# Your objective:
If a line below includes the string "else", copy it.

Records excerpted from a collection:
*** Begin section ***

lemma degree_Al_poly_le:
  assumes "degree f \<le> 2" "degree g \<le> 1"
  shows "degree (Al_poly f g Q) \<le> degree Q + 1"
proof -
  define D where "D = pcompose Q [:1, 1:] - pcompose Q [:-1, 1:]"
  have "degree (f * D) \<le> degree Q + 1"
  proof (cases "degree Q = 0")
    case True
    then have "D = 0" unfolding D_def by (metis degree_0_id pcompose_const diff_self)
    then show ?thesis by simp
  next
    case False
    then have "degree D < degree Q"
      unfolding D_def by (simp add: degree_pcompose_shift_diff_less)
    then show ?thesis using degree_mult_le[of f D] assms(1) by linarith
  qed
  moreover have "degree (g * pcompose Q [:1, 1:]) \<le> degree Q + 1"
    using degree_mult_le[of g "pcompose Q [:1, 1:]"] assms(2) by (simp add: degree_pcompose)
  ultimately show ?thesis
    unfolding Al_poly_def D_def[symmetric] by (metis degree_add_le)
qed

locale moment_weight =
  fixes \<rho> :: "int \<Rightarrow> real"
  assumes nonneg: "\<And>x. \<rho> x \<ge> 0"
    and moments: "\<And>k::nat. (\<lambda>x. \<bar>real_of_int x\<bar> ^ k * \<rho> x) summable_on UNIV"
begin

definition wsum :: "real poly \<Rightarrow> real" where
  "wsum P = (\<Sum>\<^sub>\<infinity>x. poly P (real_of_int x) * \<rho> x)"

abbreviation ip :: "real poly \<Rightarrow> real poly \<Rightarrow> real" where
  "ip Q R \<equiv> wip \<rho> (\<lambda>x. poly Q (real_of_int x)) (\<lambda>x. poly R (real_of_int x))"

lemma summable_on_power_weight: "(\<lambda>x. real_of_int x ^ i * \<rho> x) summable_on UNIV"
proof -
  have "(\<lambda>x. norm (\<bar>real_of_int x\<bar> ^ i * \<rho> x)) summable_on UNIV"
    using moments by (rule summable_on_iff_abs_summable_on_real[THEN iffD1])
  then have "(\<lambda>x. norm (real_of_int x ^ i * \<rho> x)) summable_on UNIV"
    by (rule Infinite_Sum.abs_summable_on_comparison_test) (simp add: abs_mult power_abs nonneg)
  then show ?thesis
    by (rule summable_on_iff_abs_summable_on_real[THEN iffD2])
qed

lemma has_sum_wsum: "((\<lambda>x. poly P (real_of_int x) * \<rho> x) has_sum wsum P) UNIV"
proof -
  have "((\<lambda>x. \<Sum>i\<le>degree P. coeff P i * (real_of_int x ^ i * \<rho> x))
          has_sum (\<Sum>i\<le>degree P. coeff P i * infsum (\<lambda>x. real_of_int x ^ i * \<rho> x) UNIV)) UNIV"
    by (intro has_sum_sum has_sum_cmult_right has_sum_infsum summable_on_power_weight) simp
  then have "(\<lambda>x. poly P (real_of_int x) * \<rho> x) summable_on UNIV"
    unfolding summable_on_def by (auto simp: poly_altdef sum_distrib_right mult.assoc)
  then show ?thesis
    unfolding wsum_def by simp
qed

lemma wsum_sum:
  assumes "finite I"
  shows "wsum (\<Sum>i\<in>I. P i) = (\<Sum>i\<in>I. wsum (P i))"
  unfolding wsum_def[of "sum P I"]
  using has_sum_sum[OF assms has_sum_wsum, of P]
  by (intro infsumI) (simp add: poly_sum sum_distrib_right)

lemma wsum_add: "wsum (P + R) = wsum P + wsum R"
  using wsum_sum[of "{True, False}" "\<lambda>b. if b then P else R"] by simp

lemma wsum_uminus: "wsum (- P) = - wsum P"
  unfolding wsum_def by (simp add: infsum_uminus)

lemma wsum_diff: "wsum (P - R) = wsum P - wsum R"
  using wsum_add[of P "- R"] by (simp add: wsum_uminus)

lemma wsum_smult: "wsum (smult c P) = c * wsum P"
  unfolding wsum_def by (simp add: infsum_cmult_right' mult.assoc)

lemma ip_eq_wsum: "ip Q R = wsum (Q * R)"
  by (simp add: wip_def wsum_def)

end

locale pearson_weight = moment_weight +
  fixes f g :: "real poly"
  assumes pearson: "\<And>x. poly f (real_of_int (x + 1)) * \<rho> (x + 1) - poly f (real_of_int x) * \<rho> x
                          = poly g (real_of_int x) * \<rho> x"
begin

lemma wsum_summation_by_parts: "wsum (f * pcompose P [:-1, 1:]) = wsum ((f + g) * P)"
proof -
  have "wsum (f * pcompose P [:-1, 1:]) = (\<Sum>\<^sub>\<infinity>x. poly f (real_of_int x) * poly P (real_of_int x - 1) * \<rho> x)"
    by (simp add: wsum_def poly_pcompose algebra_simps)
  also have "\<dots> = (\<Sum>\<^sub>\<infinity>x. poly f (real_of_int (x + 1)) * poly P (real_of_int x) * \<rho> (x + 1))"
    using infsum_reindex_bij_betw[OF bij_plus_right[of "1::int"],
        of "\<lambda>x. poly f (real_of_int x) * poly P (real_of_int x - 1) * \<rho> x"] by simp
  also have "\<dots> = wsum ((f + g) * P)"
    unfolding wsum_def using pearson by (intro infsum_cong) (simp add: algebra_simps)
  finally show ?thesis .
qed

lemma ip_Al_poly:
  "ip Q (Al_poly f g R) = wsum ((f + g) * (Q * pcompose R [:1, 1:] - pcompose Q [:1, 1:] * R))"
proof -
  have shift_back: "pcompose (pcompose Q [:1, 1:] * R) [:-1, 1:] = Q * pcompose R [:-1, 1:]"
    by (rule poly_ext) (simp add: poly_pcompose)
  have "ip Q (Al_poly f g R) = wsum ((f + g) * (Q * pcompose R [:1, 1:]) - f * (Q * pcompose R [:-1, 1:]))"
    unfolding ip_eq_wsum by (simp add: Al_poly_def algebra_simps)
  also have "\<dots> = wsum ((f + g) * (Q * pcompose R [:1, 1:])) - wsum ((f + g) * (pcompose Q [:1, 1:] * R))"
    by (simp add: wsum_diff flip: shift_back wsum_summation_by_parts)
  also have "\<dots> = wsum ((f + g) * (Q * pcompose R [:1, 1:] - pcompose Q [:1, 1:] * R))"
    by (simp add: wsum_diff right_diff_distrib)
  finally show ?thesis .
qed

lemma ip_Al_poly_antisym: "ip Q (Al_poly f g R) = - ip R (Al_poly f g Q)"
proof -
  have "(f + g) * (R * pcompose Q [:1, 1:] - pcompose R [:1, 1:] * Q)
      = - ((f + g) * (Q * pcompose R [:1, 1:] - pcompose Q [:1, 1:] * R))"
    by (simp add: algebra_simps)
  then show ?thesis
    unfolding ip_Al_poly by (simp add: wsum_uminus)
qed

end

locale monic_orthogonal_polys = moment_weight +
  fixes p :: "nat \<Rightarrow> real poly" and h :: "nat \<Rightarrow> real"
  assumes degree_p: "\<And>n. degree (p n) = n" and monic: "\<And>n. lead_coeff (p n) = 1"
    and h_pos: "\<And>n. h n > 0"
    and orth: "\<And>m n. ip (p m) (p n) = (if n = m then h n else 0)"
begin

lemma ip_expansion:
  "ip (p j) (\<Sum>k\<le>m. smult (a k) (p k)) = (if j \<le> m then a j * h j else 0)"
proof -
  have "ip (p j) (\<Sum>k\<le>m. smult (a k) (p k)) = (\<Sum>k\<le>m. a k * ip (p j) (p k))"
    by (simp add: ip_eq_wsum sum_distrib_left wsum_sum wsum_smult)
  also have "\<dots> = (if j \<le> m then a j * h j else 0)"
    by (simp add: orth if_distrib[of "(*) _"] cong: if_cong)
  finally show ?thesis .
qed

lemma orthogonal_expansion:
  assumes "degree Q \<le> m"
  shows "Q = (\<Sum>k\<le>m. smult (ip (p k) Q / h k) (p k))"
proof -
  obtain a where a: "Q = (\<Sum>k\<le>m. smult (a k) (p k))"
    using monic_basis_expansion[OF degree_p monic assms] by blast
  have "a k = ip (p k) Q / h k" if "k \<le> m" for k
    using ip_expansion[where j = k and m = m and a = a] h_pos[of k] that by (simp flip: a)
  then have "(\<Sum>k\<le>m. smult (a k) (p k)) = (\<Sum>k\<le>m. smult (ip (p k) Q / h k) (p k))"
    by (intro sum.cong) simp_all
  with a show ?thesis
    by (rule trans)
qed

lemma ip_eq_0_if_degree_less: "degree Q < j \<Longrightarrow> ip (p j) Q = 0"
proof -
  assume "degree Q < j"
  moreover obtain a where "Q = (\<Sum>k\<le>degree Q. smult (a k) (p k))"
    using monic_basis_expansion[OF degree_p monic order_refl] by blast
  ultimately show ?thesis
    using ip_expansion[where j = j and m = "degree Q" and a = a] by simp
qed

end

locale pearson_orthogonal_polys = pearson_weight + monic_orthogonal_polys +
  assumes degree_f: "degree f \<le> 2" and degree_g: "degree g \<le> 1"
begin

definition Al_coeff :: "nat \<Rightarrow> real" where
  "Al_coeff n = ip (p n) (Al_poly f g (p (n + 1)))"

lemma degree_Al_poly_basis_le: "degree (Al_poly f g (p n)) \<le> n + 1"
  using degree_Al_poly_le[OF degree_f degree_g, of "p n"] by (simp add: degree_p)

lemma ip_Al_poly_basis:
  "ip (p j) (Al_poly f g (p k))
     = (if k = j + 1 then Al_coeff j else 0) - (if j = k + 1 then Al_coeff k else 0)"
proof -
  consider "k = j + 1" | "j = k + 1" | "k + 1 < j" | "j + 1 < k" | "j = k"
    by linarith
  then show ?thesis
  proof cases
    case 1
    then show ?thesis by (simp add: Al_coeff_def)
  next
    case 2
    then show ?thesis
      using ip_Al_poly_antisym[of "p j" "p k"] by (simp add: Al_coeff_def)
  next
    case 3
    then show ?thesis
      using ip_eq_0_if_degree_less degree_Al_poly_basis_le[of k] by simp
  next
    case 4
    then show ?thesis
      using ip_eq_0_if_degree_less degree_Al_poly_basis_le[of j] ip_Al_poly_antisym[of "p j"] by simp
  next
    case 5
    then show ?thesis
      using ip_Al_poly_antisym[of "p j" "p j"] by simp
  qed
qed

*** End section ***
*** Begin section ***

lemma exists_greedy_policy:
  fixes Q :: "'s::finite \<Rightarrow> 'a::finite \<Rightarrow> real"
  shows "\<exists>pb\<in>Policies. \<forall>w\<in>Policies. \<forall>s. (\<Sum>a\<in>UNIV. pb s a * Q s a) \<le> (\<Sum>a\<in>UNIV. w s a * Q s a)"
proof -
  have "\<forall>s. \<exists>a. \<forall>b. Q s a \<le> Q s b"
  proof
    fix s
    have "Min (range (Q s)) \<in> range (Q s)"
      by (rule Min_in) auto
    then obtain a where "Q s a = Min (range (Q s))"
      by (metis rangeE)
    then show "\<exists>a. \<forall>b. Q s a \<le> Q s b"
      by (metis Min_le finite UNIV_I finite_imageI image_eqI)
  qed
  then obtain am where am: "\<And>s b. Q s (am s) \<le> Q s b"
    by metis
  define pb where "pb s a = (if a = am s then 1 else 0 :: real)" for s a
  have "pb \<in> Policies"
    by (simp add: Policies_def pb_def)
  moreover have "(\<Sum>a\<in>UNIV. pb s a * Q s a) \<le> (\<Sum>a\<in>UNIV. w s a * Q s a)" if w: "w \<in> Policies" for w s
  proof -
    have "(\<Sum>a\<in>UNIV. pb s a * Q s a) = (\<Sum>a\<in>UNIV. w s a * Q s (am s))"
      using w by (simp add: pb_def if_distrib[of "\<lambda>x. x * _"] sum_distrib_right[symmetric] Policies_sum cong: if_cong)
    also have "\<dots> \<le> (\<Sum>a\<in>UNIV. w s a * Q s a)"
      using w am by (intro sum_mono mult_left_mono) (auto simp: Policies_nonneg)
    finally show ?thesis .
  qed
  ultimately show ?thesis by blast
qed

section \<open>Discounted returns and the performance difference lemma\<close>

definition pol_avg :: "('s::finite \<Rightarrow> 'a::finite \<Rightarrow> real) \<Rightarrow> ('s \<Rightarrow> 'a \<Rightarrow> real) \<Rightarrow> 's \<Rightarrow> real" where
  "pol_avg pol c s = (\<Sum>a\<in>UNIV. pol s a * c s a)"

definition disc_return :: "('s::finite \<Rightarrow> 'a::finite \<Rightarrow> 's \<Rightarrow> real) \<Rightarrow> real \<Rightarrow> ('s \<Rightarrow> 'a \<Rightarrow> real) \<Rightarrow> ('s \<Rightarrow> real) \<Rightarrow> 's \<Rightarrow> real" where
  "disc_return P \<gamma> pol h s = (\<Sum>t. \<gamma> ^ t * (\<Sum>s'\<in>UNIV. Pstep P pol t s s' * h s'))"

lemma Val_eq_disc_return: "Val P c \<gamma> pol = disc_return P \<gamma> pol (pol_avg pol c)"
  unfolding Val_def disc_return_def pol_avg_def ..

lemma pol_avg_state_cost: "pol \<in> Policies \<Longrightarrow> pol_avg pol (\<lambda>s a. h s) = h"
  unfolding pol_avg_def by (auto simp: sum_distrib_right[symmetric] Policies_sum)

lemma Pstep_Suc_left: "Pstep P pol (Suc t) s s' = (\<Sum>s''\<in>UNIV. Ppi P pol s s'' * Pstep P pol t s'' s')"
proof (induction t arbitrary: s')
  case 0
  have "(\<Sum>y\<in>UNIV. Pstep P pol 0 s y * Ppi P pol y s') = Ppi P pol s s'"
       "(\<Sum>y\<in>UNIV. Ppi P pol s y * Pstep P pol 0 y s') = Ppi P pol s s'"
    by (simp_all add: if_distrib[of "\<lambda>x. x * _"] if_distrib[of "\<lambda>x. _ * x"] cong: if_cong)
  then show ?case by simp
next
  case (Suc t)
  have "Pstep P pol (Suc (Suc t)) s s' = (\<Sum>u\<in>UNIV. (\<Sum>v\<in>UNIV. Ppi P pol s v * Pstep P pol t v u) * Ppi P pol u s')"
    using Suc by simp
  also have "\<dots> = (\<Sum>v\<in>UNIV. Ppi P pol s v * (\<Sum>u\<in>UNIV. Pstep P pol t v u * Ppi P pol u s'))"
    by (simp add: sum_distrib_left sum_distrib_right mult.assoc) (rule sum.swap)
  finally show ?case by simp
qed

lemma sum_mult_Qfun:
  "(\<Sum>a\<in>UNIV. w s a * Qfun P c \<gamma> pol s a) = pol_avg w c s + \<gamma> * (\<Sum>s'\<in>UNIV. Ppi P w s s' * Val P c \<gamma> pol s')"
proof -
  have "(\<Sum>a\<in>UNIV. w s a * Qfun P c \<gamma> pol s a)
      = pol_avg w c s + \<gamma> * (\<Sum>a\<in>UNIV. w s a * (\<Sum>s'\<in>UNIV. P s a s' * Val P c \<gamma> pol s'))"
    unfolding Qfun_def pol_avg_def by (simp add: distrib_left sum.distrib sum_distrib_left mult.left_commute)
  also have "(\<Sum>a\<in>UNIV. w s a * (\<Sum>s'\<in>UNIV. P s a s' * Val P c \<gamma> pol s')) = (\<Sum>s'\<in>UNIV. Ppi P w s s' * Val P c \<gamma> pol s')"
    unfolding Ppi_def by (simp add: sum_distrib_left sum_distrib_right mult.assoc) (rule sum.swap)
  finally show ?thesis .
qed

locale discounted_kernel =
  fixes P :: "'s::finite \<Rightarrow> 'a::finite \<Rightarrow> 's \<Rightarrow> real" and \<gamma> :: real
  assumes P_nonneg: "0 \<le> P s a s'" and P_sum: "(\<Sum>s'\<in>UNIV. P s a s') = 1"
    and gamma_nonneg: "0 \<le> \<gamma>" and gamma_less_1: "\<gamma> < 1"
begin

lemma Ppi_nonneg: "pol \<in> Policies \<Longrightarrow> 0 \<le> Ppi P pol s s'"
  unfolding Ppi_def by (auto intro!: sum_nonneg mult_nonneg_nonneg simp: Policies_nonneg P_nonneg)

*** End section ***

# Written solution:
  using wsum_sum[of "{True, False}" "\<lambda>b. if b then P else R"] by simp
    and orth: "\<And>m n. ip (p m) (p n) = (if n = m then h n else 0)"
  "ip (p j) (\<Sum>k\<le>m. smult (a k) (p k)) = (if j \<le> m then a j * h j else 0)"
  also have "\<dots> = (if j \<le> m then a j * h j else 0)"
     = (if k = j + 1 then Al_coeff j else 0) - (if j = k + 1 then Al_coeff k else 0)"
  define pb where "pb s a = (if a = am s then 1 else 0 :: real)" for s a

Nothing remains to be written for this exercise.